• [Dataset entries]
——

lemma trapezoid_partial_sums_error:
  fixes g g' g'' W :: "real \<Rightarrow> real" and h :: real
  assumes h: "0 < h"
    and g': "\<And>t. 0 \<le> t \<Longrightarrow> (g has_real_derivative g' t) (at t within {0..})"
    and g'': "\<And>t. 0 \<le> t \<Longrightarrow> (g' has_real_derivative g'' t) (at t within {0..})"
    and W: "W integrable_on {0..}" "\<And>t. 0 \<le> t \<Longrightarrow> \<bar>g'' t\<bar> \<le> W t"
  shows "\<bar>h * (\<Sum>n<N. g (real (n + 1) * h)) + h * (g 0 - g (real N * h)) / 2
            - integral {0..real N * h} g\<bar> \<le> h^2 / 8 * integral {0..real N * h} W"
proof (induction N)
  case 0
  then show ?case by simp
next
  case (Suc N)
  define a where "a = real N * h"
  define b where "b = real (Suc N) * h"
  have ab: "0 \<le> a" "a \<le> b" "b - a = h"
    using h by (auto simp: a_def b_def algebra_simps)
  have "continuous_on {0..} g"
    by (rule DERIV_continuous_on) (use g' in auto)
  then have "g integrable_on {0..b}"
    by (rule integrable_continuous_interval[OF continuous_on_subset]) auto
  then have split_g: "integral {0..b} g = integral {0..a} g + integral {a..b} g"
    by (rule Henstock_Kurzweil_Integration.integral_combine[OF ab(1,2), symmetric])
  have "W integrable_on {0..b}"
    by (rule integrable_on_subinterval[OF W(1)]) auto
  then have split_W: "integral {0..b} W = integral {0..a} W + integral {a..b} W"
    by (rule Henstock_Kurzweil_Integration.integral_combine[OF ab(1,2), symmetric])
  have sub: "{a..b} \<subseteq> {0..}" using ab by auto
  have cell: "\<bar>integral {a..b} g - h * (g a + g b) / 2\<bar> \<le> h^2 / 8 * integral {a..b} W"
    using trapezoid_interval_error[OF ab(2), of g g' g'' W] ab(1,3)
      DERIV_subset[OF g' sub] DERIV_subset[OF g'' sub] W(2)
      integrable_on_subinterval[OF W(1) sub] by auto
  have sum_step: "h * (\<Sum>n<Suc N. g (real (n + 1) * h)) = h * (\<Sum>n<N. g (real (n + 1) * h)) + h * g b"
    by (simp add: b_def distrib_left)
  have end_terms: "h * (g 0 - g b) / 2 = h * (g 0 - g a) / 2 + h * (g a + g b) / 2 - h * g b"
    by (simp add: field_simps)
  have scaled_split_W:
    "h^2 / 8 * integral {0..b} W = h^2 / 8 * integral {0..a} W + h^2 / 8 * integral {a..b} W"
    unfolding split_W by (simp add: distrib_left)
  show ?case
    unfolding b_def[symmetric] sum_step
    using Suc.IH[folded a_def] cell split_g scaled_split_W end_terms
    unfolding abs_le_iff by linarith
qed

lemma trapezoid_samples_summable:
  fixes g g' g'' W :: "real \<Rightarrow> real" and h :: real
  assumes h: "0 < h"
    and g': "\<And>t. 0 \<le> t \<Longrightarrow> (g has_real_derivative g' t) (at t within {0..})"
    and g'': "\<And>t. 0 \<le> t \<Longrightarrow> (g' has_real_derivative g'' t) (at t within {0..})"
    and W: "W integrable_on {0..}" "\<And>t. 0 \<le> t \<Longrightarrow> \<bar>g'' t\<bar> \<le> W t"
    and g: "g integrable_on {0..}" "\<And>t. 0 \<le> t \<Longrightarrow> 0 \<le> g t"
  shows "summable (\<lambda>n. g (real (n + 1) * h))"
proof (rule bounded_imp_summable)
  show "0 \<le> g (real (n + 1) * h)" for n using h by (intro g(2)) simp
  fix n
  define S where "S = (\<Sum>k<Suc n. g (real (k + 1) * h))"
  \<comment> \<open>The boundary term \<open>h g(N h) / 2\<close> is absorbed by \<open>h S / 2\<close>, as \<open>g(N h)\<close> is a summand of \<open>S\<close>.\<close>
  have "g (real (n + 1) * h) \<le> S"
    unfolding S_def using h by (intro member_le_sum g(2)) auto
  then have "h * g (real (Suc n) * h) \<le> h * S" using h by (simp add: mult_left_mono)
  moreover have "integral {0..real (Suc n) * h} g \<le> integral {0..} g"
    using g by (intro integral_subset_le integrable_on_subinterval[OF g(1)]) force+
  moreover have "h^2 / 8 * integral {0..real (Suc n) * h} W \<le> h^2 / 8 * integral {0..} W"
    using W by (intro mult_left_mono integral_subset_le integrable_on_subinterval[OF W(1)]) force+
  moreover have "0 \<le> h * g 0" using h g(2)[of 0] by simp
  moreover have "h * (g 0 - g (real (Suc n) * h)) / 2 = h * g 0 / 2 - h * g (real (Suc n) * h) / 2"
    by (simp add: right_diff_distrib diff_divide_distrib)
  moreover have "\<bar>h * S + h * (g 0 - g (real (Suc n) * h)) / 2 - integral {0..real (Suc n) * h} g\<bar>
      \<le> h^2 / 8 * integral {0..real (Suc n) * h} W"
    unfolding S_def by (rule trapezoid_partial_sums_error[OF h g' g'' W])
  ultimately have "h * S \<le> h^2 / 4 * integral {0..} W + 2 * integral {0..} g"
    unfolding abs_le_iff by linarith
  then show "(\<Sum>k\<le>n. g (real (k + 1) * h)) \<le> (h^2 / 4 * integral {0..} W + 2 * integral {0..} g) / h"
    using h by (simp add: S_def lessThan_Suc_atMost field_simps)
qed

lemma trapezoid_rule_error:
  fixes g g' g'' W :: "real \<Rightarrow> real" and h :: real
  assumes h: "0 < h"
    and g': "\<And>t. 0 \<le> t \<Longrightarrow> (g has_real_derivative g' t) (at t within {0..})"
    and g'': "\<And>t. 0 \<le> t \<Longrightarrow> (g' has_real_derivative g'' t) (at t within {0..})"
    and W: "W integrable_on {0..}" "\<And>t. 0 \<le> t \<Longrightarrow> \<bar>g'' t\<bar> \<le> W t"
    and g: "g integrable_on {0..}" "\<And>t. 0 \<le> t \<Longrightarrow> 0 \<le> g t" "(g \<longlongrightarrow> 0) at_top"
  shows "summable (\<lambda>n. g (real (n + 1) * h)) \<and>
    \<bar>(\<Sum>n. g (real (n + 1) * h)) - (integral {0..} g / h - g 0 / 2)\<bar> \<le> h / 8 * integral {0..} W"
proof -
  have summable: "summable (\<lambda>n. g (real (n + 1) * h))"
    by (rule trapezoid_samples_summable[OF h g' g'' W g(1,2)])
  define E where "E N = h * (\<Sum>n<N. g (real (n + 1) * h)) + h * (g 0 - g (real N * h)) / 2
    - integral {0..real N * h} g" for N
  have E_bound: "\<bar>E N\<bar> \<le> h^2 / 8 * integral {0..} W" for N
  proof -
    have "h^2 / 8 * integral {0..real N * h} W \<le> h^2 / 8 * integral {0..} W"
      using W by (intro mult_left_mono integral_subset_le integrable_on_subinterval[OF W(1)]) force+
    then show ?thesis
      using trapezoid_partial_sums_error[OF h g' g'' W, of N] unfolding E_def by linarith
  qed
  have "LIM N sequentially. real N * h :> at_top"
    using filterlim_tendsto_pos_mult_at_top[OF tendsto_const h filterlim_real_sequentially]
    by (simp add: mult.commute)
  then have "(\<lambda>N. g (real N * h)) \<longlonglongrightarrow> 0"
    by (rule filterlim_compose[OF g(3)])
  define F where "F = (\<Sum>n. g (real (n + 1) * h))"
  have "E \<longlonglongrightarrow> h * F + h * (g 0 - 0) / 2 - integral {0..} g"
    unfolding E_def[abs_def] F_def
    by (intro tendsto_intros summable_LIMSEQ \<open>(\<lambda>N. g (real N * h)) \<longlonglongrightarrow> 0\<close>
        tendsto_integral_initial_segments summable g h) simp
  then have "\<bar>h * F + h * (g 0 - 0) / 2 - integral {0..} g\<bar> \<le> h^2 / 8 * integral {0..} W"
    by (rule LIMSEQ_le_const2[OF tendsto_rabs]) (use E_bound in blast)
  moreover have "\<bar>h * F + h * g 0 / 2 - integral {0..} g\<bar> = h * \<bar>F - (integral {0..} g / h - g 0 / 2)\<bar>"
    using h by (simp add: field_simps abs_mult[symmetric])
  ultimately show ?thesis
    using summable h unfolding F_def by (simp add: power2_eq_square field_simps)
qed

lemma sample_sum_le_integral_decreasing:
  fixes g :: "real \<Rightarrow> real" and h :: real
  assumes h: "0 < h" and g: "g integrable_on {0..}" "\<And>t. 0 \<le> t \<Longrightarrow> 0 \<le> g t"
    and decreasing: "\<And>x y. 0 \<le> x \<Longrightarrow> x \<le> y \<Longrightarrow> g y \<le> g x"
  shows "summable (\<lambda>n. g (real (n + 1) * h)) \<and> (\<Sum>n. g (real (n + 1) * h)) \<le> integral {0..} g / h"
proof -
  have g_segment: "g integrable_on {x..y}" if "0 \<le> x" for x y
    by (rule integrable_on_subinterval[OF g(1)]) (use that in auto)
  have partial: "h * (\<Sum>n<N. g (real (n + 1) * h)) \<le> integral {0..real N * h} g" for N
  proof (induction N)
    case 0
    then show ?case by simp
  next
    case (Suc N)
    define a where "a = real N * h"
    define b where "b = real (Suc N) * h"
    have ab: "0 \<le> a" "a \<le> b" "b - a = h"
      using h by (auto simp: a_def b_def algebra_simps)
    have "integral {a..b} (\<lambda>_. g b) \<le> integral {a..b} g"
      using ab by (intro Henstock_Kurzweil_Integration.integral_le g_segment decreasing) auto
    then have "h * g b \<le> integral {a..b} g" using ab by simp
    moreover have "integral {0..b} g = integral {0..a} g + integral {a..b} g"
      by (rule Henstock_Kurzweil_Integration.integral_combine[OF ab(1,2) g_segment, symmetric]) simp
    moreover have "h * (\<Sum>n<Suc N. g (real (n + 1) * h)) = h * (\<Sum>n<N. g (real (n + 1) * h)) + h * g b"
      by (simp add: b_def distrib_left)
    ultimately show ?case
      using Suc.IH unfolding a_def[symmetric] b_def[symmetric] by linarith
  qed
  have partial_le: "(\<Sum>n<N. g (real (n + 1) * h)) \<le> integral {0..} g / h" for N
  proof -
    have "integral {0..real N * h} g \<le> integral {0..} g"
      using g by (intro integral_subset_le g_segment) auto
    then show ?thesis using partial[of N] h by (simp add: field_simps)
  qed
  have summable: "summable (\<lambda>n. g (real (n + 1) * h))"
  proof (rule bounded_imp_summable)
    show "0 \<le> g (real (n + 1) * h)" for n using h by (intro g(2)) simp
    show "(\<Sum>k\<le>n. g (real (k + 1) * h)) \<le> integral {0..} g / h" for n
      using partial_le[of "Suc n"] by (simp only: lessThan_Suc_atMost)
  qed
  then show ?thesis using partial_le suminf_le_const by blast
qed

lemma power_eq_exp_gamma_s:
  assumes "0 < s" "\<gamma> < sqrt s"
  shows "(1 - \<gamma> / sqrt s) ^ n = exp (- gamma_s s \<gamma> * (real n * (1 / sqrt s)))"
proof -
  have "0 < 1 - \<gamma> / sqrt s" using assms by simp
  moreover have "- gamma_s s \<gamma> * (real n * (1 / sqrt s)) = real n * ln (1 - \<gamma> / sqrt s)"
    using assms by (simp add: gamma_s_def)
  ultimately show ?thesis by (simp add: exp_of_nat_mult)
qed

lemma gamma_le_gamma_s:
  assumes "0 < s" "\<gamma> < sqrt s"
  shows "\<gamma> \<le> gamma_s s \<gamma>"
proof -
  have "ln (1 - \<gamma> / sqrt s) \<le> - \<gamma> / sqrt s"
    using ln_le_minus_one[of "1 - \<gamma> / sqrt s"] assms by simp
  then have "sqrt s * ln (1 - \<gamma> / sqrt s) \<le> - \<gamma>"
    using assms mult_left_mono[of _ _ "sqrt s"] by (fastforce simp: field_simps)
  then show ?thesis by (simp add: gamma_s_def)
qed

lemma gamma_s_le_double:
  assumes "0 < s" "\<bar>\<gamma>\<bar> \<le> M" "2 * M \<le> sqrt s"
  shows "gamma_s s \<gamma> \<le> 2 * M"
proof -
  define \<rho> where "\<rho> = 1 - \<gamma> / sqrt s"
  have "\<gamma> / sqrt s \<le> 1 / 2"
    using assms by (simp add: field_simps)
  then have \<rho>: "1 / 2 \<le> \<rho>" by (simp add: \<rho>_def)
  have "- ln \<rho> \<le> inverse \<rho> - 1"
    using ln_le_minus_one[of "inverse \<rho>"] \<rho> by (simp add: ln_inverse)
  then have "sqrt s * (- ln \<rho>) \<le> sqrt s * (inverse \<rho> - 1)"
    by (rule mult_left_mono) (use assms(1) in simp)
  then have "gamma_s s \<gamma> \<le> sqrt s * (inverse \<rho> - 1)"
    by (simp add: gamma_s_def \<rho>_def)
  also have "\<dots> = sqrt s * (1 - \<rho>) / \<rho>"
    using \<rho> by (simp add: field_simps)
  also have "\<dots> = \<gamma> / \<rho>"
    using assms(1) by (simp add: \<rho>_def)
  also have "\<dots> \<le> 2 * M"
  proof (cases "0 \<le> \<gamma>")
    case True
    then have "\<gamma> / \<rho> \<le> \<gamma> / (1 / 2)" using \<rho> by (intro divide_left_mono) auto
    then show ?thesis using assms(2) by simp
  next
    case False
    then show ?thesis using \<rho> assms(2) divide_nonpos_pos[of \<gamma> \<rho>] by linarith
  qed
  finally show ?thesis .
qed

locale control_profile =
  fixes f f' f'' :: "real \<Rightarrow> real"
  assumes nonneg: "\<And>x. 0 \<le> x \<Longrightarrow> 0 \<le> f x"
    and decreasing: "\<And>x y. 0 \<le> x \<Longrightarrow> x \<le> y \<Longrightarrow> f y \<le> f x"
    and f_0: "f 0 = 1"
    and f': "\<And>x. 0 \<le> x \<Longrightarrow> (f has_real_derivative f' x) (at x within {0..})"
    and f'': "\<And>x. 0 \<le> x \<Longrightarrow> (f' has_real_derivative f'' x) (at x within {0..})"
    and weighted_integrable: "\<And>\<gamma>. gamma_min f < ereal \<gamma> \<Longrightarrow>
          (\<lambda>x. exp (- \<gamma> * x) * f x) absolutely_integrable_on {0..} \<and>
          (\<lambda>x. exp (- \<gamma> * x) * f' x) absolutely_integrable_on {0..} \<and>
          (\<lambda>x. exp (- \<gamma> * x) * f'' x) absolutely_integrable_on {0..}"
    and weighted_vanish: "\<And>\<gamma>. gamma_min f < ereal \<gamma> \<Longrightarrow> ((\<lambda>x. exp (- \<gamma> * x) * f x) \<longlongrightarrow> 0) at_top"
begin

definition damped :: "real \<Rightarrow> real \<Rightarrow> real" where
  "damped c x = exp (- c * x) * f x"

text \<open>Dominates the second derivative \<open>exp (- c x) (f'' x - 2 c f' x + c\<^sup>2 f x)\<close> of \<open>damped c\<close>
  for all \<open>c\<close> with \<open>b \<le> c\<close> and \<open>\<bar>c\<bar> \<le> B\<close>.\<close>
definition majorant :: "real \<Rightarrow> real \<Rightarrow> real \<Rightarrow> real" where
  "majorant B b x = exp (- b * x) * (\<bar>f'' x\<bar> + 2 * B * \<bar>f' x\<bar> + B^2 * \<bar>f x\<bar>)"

——

• [Exercise directions]
What lines in the data hold the word "damped"? Return them.

• [Solved exercise]
definition damped :: "real \<Rightarrow> real \<Rightarrow> real" where
  "damped c x = exp (- c * x) * f x"
text \<open>Dominates the second derivative \<open>exp (- c x) (f'' x - 2 c f' x + c\<^sup>2 f x)\<close> of \<open>damped c\<close>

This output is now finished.